YOUR ASSIGNMENT: Begin at the top of the records and copy each line exactly. The line containing "x) | x. x \<in>" is the last one to include.

[[ INPUT DATA open ]]

(* Let $(J,F,Y)$ be a pullback triple with Hilbert spaces $\mathcal H,\mathcal X,\mathcal E$. Then: (i) the inverse $Y^{-1}:\mathcal R(Y)\subset\mathcal X\to\mathcal H$ is closable and $J=\overline{Y^{-1}}$; (ii) $Y$ is closable if and only if $J$ is injective, and in this case $\overline{Y}=J^{-1}$; (iii) $Y$ is bounded if and only if $J$ is an isomorphism.
   Context: For Hilbert spaces $\mathcal H,\mathcal X,\mathcal E$, a pullback triple $(J,F,Y)$ consists of operators $J:\mathcal X\to\mathcal H$, $F:\mathcal X\to\mathcal E$, $Y:\mathcal H\to\mathcal X$ such that: $J,F$ are bounded with dense range; $Y$ is a completion operator (densely defined injective linear map with dense range, not necessarily closable); $\|u\|_{\mathcal X}^2=\|Ju\|^2_{\mathcal H}+\|Fu\|_{\mathcal E}^2$ for all $u\in\mathcal X$; and $JYf=f$ for all $f\in\mathcal D(Y)$. *)

theory Defs
  imports "HOL-Analysis.Analysis"
begin

text \<open>Operators are modelled as a domain set together with a function.
Hilbert spaces are real inner product spaces that are complete.\<close>

definition graph :: "'a set \<Rightarrow> ('a \<Rightarrow> 'b) \<Rightarrow> ('a \<times> 'b) set" where
  "graph D T = {(x, T x) | x. x \<in> D}"

definition linear_op :: "'a::real_vector set \<Rightarrow> ('a \<Rightarrow> 'b::real_vector) \<Rightarrow> bool" where
  "linear_op D T \<longleftrightarrow> subspace D \<and>
     (\<forall>x\<in>D. \<forall>y\<in>D. \<forall>a b::real. T (a *\<^sub>R x + b *\<^sub>R y) = a *\<^sub>R T x + b *\<^sub>R T y)"

definition completion_op :: "'a::real_normed_vector set \<Rightarrow> ('a \<Rightarrow> 'b::real_normed_vector) \<Rightarrow> bool" where
  "completion_op D T \<longleftrightarrow> linear_op D T \<and> closure D = UNIV \<and> inj_on T D \<and> closure (T ` D) = UNIV"

definition closable :: "'a::topological_space set \<Rightarrow> ('a \<Rightarrow> 'b::topological_space) \<Rightarrow> bool" where
  "closable D T \<longleftrightarrow> (\<forall>x y z. (x, y) \<in> closure (graph D T) \<and> (x, z) \<in> closure (graph D T) \<longrightarrow> y = z)"

definition bounded_op :: "'a::real_normed_vector set \<Rightarrow> ('a \<Rightarrow> 'b::real_normed_vector) \<Rightarrow> bool" where
  "bounded_op D T \<longleftrightarrow> (\<exists>C. \<forall>x\<in>D. norm (T x) \<le> C * norm x)"

definition isomorphism :: "('a::real_normed_vector \<Rightarrow> 'b::real_normed_vector) \<Rightarrow> bool" where
  "isomorphism J \<longleftrightarrow> bounded_linear J \<and> bij J \<and> bounded_linear (inv J)"

definition pullback_triple ::
  "('x::{real_inner,complete_space} \<Rightarrow> 'h::{real_inner,complete_space}) \<Rightarrow>
   ('x \<Rightarrow> 'e::{real_inner,complete_space}) \<Rightarrow> 'h set \<Rightarrow> ('h \<Rightarrow> 'x) \<Rightarrow> bool" where
  "pullback_triple J F D Y \<longleftrightarrow>
     bounded_linear J \<and> closure (range J) = UNIV \<and>
     bounded_linear F \<and> closure (range F) = UNIV \<and>
     completion_op D Y \<and>
     (\<forall>u. (norm u)\<^sup>2 = (norm (J u))\<^sup>2 + (norm (F u))\<^sup>2) \<and>
     (\<forall>f\<in>D. J (Y f) = f)"

end

theory Submission
  imports Defs
begin

text \<open>Since \<open>J (Y f) = f\<close>, the graph of \<open>Y\<^sup>-\<^sup>1\<close> is the graph of \<open>J\<close> restricted to the dense
range of \<open>Y\<close>, and the graph of \<open>Y\<close> is its transpose. The graph of the continuous map \<open>J\<close> is
closed, so these closures are the full graph of \<open>J\<close> and its transpose; the transpose is the
graph of an operator exactly when \<open>J\<close> is injective. Boundedness of \<open>Y\<close> says that \<open>J\<close> is bounded
below on the range of \<open>Y\<close>, hence everywhere by density; a bounded-below operator has closed range, which
together with dense range makes \<open>J\<close> an isomorphism.\<close>

lemma graph_eq_image: "graph S T = (\<lambda>x. (x, T x)) ` S"
  unfolding graph_def by auto

lemma closure_image_dense:
  assumes "continuous_on UNIV h" and "closure S = UNIV" and "closed (range h)"
  shows "closure (h ` S) = range h"
proof
  show "closure (h ` S) \<subseteq> range h"
    using assms(3) by (intro closure_minimal) auto
  have "h ` closure S \<subseteq> closure (h ` S)"
    using continuous_on_subset[OF assms(1)] by (intro image_closure_subset closure_subset) auto
  then show "range h \<subseteq> closure (h ` S)"
    using assms(2) by simp
qed

lemma closed_range_graph:
  fixes f :: "'a::topological_space \<Rightarrow> 'b::t2_space"
  assumes "continuous_on UNIV f"
  shows "closed (range (\<lambda>x. (x, f x)))"
proof -
  have "range (\<lambda>x. (x, f x)) = {p. snd p = f (fst p)}"
    by auto
  moreover have "closed {p. snd p = f (fst p)}"
    by (intro closed_Collect_eq continuous_on_snd continuous_on_id
        continuous_on_compose2[OF assms continuous_on_fst]) auto
  ultimately show ?thesis
    by simp
qed

lemma closed_range_converse_graph:
  fixes f :: "'a::topological_space \<Rightarrow> 'b::t2_space"
  assumes "continuous_on UNIV f"
  shows "closed (range (\<lambda>x. (f x, x)))"
proof -
  have "range (\<lambda>x. (f x, x)) = {p. fst p = f (snd p)}"
    by auto
  moreover have "closed {p. fst p = f (snd p)}"
    by (intro closed_Collect_eq continuous_on_fst continuous_on_id
        continuous_on_compose2[OF assms continuous_on_snd]) auto
  ultimately show ?thesis
    by simp
qed

lemma bounded_below_dense_imp_bounded_below:
  fixes J :: "'a::real_normed_vector \<Rightarrow> 'b::real_normed_vector"
  assumes "bounded_linear J" and "closure S = UNIV"
    and "\<And>u. u \<in> S \<Longrightarrow> norm u \<le> M * norm (J u)"
  shows "norm u \<le> M * norm (J u)"
proof -
  have "closed {u. norm u \<le> M * norm (J u)}"
    using assms(1) by (intro closed_Collect_le continuous_intros linear_continuous_on)
  then have "closure S \<subseteq> {u. norm u \<le> M * norm (J u)}"
    using assms(3) by (intro closure_minimal) auto
  then show ?thesis
    using assms(2) by auto
qed

lemma linear_inv_bij:
  assumes "linear f" and "bij f"
  shows "linear (inv f)"
proof -
  have f_inv: "f (inv f y) = y" and inv_f: "inv f (f x) = x" for x y
    using assms(2) by (simp_all add: bij_is_surj surj_f_inv_f bij_is_inj)
  show ?thesis
  proof (rule linearI)
    show "inv f (x + y) = inv f x + inv f y" for x y
      using inv_f[of "inv f x + inv f y"] by (simp add: linear_add[OF assms(1)] f_inv)
    show "inv f (c *\<^sub>R x) = c *\<^sub>R inv f x" for c x
      using inv_f[of "c *\<^sub>R inv f x"] by (simp add: linear_scale[OF assms(1)] f_inv)
  qed
qed

lemma isomorphism_imp_bounded_below:
  assumes "isomorphism J"
  obtains M where "\<And>u. norm u \<le> M * norm (J u)"
proof -
  have "bounded_linear (inv J)" and "inj J"
    using assms unfolding isomorphism_def bij_def by auto
  then obtain K where "\<And>x. norm (inv J x) \<le> norm x * K"
    using bounded_linear.bounded by blast
  then have "norm u \<le> K * norm (J u)" for u
    using \<open>inj J\<close> by (metis inv_f_f mult.commute)
  then show thesis
    by (rule that)
qed

lemma bounded_below_dense_range_imp_isomorphism:
  fixes J :: "'a::{real_normed_vector,complete_space} \<Rightarrow> 'b::real_normed_vector"
  assumes J: "bounded_linear J" and dense: "closure (range J) = UNIV"
    and below: "\<And>u. norm u \<le> M * norm (J u)"
  shows "isomorphism J"
proof -
  define M' where "M' = max M 1"
  have "M' > 0" and below': "norm u \<le> M' * norm (J u)" for u
    unfolding M'_def by (auto intro!: order_trans[OF below] mult_right_mono)
  have "inj J"
  proof (rule injI)
    fix u v
    assume "J u = J v"
    then have "J (u - v) = 0"
      by (simp add: linear_diff[OF bounded_linear.linear[OF J]])
    then show "u = v"
      using below'[of "u - v"] by simp
  qed
  have "\<forall>u\<in>UNIV. norm (J u) \<ge> (1 / M') * norm u"
    using below' \<open>M' > 0\<close> by (simp add: pos_divide_le_eq mult.commute)
  then have "complete (range J)"
    using \<open>M' > 0\<close>
    by (intro complete_isometric_image[of "1 / M'" UNIV J, OF _ subspace_UNIV J])
      (auto simp: complete_UNIV)
  then have "surj J"
    using dense complete_imp_closed by fastforce
  with \<open>inj J\<close> have "bij J"
    by (simp add: bij_def)
  have "bounded_linear (inv J)"
  proof (rule bounded_linear.intro)
    show "linear (inv J)"
      using J \<open>bij J\<close> by (simp add: linear_inv_bij bounded_linear.linear)
    show "bounded_linear_axioms (inv J)"
      using below'[of "inv J _"] \<open>surj J\<close>
      by (intro bounded_linear_axioms.intro exI[of _ M'])
        (simp add: surj_f_inv_f mult.commute)
  qed
  with J \<open>bij J\<close> show ?thesis
    unfolding isomorphism_def by simp
qed

lemma pullback_tripleD:
  assumes "pullback_triple J F D Y"
  shows "bounded_linear J" and "closure (range J) = UNIV"
    and "inj_on Y D" and "closure (Y ` D) = UNIV"
    and "\<And>f. f \<in> D \<Longrightarrow> J (Y f) = f"
  using assms unfolding pullback_triple_def completion_op_def by auto

lemma pullback_closure_graph_inverse:
  assumes "pullback_triple J F D Y"
  shows "closure (graph (Y ` D) (inv_into D Y)) = graph UNIV J"
proof -
  note P = pullback_tripleD[OF assms]
  have cont: "continuous_on UNIV J"
    using P(1) by (rule linear_continuous_on)
  have "graph (Y ` D) (inv_into D Y) = (\<lambda>x. (x, J x)) ` Y ` D"
    unfolding graph_eq_image image_image using P(3,5) by (intro image_cong) auto
  then show ?thesis
    using closure_image_dense[OF _ P(4) closed_range_graph[OF cont]] cont
    by (simp add: graph_eq_image continuous_intros)
qed

lemma pullback_closure_graph:
  assumes "pullback_triple J F D Y"
  shows "closure (graph D Y) = range (\<lambda>x. (J x, x))"
proof -
  note P = pullback_tripleD[OF assms]
  have cont: "continuous_on UNIV J"
    using P(1) by (rule linear_continuous_on)
  have "graph D Y = (\<lambda>x. (J x, x)) ` Y ` D"
    unfolding graph_eq_image image_image using P(5) by (intro image_cong) auto
  then show ?thesis
    using closure_image_dense[OF _ P(4) closed_range_converse_graph[OF cont]] cont
    by (simp add: continuous_intros)
qed

lemma pullback_bounded_op_iff_isomorphism:
  assumes "pullback_triple J F D Y"
  shows "bounded_op D Y \<longleftrightarrow> isomorphism J"
proof -
  note P = pullback_tripleD[OF assms]
  have "bounded_op D Y \<longleftrightarrow> (\<exists>M. \<forall>u\<in>Y ` D. norm u \<le> M * norm (J u))"
    unfolding bounded_op_def using P(5) by auto
  also have "\<dots> \<longleftrightarrow> (\<exists>M. \<forall>u. norm u \<le> M * norm (J u))"
    using bounded_below_dense_imp_bounded_below[OF P(1) P(4)] by blast
  also have "\<dots> \<longleftrightarrow> isomorphism J"
    using bounded_below_dense_range_imp_isomorphism[OF P(1,2)] isomorphism_imp_bounded_below
    by metis
  finally show ?thesis .
qed

theorem mainTheorem3:
  fixes J :: "'x::{real_inner,complete_space} \<Rightarrow> 'h::{real_inner,complete_space}"
    and F :: "'x \<Rightarrow> 'e::{real_inner,complete_space}"
    and D :: "'h set" and Y :: "'h \<Rightarrow> 'x"
  assumes "pullback_triple J F D Y"
  shows "(closable (Y ` D) (inv_into D Y) \<and> closure (graph (Y ` D) (inv_into D Y)) = graph UNIV J)
       \<and> (closable D Y \<longleftrightarrow> inj J)
       \<and> (inj J \<longrightarrow> closure (graph D Y) = graph (range J) (inv J))
       \<and> (bounded_op D Y \<longleftrightarrow> isomorphism J)"
proof -
  note inverse_graph = pullback_closure_graph_inverse[OF assms]
  note Y_graph = pullback_closure_graph[OF assms]
  have "closable (Y ` D) (inv_into D Y)"
    unfolding closable_def inverse_graph by (auto simp: graph_def)
  moreover have "closable D Y \<longleftrightarrow> inj J"
    unfolding closable_def Y_graph inj_def by blast
  moreover have "closure (graph D Y) = graph (range J) (inv J)" if "inj J"
    using that by (simp add: Y_graph graph_eq_image[of "range J"] image_image)
  ultimately show ?thesis
    using inverse_graph pullback_bounded_op_iff_isomorphism[OF assms] by blast
qed

end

[[ INPUT DATA closed ]]

ANSWER BOX:
(* Let $(J,F,Y)$ be a pullback triple with Hilbert spaces $\mathcal H,\mathcal X,\mathcal E$. Then: (i) the inverse $Y^{-1}:\mathcal R(Y)\subset\mathcal X\to\mathcal H$ is closable and $J=\overline{Y^{-1}}$; (ii) $Y$ is closable if and only if $J$ is injective, and in this case $\overline{Y}=J^{-1}$; (iii) $Y$ is bounded if and only if $J$ is an isomorphism.
   Context: For Hilbert spaces $\mathcal H,\mathcal X,\mathcal E$, a pullback triple $(J,F,Y)$ consists of operators $J:\mathcal X\to\mathcal H$, $F:\mathcal X\to\mathcal E$, $Y:\mathcal H\to\mathcal X$ such that: $J,F$ are bounded with dense range; $Y$ is a completion operator (densely defined injective linear map with dense range, not necessarily closable); $\|u\|_{\mathcal X}^2=\|Ju\|^2_{\mathcal H}+\|Fu\|_{\mathcal E}^2$ for all $u\in\mathcal X$; and $JYf=f$ for all $f\in\mathcal D(Y)$. *)

theory Defs
  imports "HOL-Analysis.Analysis"
begin

text \<open>Operators are modelled as a domain set together with a function.
Hilbert spaces are real inner product spaces that are complete.\<close>

definition graph :: "'a set \<Rightarrow> ('a \<Rightarrow> 'b) \<Rightarrow> ('a \<times> 'b) set" where
  "graph D T = {(x, T x) | x. x \<in> D}"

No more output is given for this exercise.